How can it be that a document purporting to evaluate 50 years of the War on Poverty included no mention of the actual work of Legal Services? Evaluations like the Budget Committee report reflect the distance of the report’s writers from poor people and their actual experience. It would be generous to characterize reports of this nature as “academic”.
Poverty is tough to talk about because just the word itself has become a political football. There are no generally shared definitions of what poverty is. There is cynicism and defeatism about ever eliminating poverty. To his credit, President Johnson sought to evoke an empathetic understanding of the poor.

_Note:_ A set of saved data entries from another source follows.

(* Let $a$ be a real function of bounded variation with support contained in $(-1/2,1/2)$, and let $b\in L^1$ be supported in $[0,1]$ with zero average. Then $$\|a*b\|_{L^1([-1,2])}\le\mathrm{Var}(a)\,\|b\|_W.$$ As a consequence $\|a\,\hat*\,b\|_{L^1([0,1])}\le\mathrm{Var}(a)\|b\|_W$, and therefore $\|N_\xi\|_{W\to L^1}\le\mathrm{Var}(\rho_\xi)=\xi^{-1}\mathrm{Var}(\rho)$.
   Context: $*$ is the usual convolution on $\mathbb R$. For zero-average $f\in L^1([0,1])$, $\|f\|_W:=\|F\|_{L^1}$ with $F(x)=\int_0^xf(t)\,dt$. With $\pi(x)=\min_{i\in\mathbb Z}|x-2i|$, $a\,\hat*\,f:=\pi_*(a*\hat f)$, where $\hat f$ is $f$ extended by $0$ outside $[0,1]$ and $\pi_*$ the pushforward by $\pi$. $\rho$ is of bounded variation supported in $[-1/2,1/2]$ with $\int\rho=1$, $\rho_\xi(x)=\xi^{-1}\rho(x/\xi)$, $N_\xi f=\rho_\xi\,\hat*\,f$. $\mathrm{Var}$ is total variation. *)

theory Defs
  imports "HOL-Analysis.Analysis"
begin

definition variation_sums :: "(real \<Rightarrow> real) \<Rightarrow> real set" where
  "variation_sums f =
     {(\<Sum>i<n. \<bar>f (x (Suc i)) - f (x i)\<bar>) | x n. \<forall>i<n. x i \<le> x (Suc i)}"

definition bounded_variation :: "(real \<Rightarrow> real) \<Rightarrow> bool" where
  "bounded_variation f \<longleftrightarrow> bdd_above (variation_sums f)"

definition Var :: "(real \<Rightarrow> real) \<Rightarrow> real" where
  "Var f = Sup (variation_sums f)"

definition conv :: "(real \<Rightarrow> real) \<Rightarrow> (real \<Rightarrow> real) \<Rightarrow> real \<Rightarrow> real" where
  "conv a b x = (\<integral>y. a (x - y) * b y \<partial>lborel)"

definition hat_ext :: "(real \<Rightarrow> real) \<Rightarrow> real \<Rightarrow> real" where
  "hat_ext f x = (if x \<in> {0..1} then f x else 0)"

definition normW :: "(real \<Rightarrow> real) \<Rightarrow> real" where
  "normW f = (\<integral>x\<in>{0..1}. \<bar>\<integral>t\<in>{0..x}. f t \<partial>lborel\<bar> \<partial>lborel)"

definition fold_pi :: "real \<Rightarrow> real" where
  "fold_pi x = (INF i\<in>(UNIV::int set). \<bar>x - 2 * of_int i\<bar>)"

text \<open>Density on [0,1] of the pushforward by pi of the measure h dx:
  g(y) = sum over the preimages 2i+y, 2i-y of y under pi.\<close>
definition pushforward_pi :: "(real \<Rightarrow> real) \<Rightarrow> real \<Rightarrow> real" where
  "pushforward_pi h y = (\<Sum>\<^sub>\<infinity>i\<in>(UNIV::int set). h (2 * of_int i + y) + h (2 * of_int i - y))"

definition hat_conv :: "(real \<Rightarrow> real) \<Rightarrow> (real \<Rightarrow> real) \<Rightarrow> real \<Rightarrow> real" where
  "hat_conv a f = pushforward_pi (conv a (hat_ext f))"
lemma inner_gt_quadratic_of_normalized_increments:
  fixes W :: "real \<Rightarrow> 'w \<Rightarrow> 'a::real_inner"
  assumes "0 < t" "0 < r" "r \<le> 1/2" and "0 \<le> n"
    and x: "1 \<le> a \<bullet> normalized_increment W (r^2 * t) t \<omega>" "norm (normalized_increment W (r^2 * t) t \<omega>) \<le> L"
    and y: "norm (normalized_increment W 0 (r^2 * t) \<omega>) \<le> \<Lambda>"
    and small_r: "norm a * \<Lambda> * r \<le> 1/4" and small_t: "n * sqrt t * ((L + \<Lambda>)^2 + 1) \<le> 1/4"
  shows "n * (norm (W t \<omega> - W 0 \<omega>)^2 + t) < a \<bullet> (W t \<omega> - W 0 \<omega>)"
proof -
  have "r^2 < 1"
    using \<open>0 < r\<close> \<open>r \<le> 1/2\<close> by (simp add: power_less_one_iff)
  have "sqrt (t - r^2 * t) = sqrt (1 - r^2) * sqrt t"
    by (simp add: real_sqrt_mult[symmetric] algebra_simps)
  moreover have "sqrt (r^2 * t - 0) = r * sqrt t"
    using \<open>0 < r\<close> by (simp add: real_sqrt_mult)
  moreover have "0 < sqrt (1 - r^2) * sqrt t"
    using \<open>0 < t\<close> \<open>r^2 < 1\<close> by simp
  ultimately have "W t \<omega> - W 0 \<omega> = (sqrt (1 - r^2) * sqrt t) *\<^sub>R normalized_increment W (r^2 * t) t \<omega>
      + (r * sqrt t) *\<^sub>R normalized_increment W 0 (r^2 * t) \<omega>"
    using \<open>0 < r\<close> \<open>0 < t\<close> by (simp add: normalized_increment_def)
  then show ?thesis
    using inner_gt_quadratic_of_decomposition[OF _ \<open>0 < r\<close> \<open>r \<le> 1/2\<close> \<open>0 \<le> n\<close> x y small_r small_t] \<open>0 < t\<close>
    by simp
qed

While the War on Poverty has been represented as a Democratic Party endeavor, that is not entirely true. President Richard Nixon also invested heavily in the War on Poverty. Nixon played a leading role in establishing the Food Stamp program, the Women”s, Infant and Children (WIC) food program, and Supplemental Security Income (SSI). He also proposed a guaranteed national income that failed in the Senate after passing the House. I suppose this is forgotten history but it does show that the War on Poverty had more bi-partisan origins than people now would expect.
The War on Poverty pointed us as a society in the right direction. Without the goal of reducing and eliminating poverty , we will never get there. I submit it is unlikely we will make progress on eliminating poverty if that is not seen as an explicit societal goal.
The initial thrust of the War on Poverty did not last long because of the political reaction it engendered. Still, the programs I mentioned at the outset have become part of the accepted fabric of our society. Facile dismissals that ignore these programs lack balance. Since the Reagan era we have witnessed a sales job by the Hard Right on how government programs don’t work. While no program is beyond criticism, the sales job actually flies in the face of the programs I mentioned which are, in fact, very successful.
We currently lack politicians with the will, ability, drive and vision to move a new War on Poverty agenda forward. President Obama’s emphasis on economic inequality is timely but it appears he lacks the political strength to push this boulder uphill. We need poverty abolitionists who can make that happen.
Thoughtful piece Bro. Seems like the war on poverty has been transformed into a war on poor people.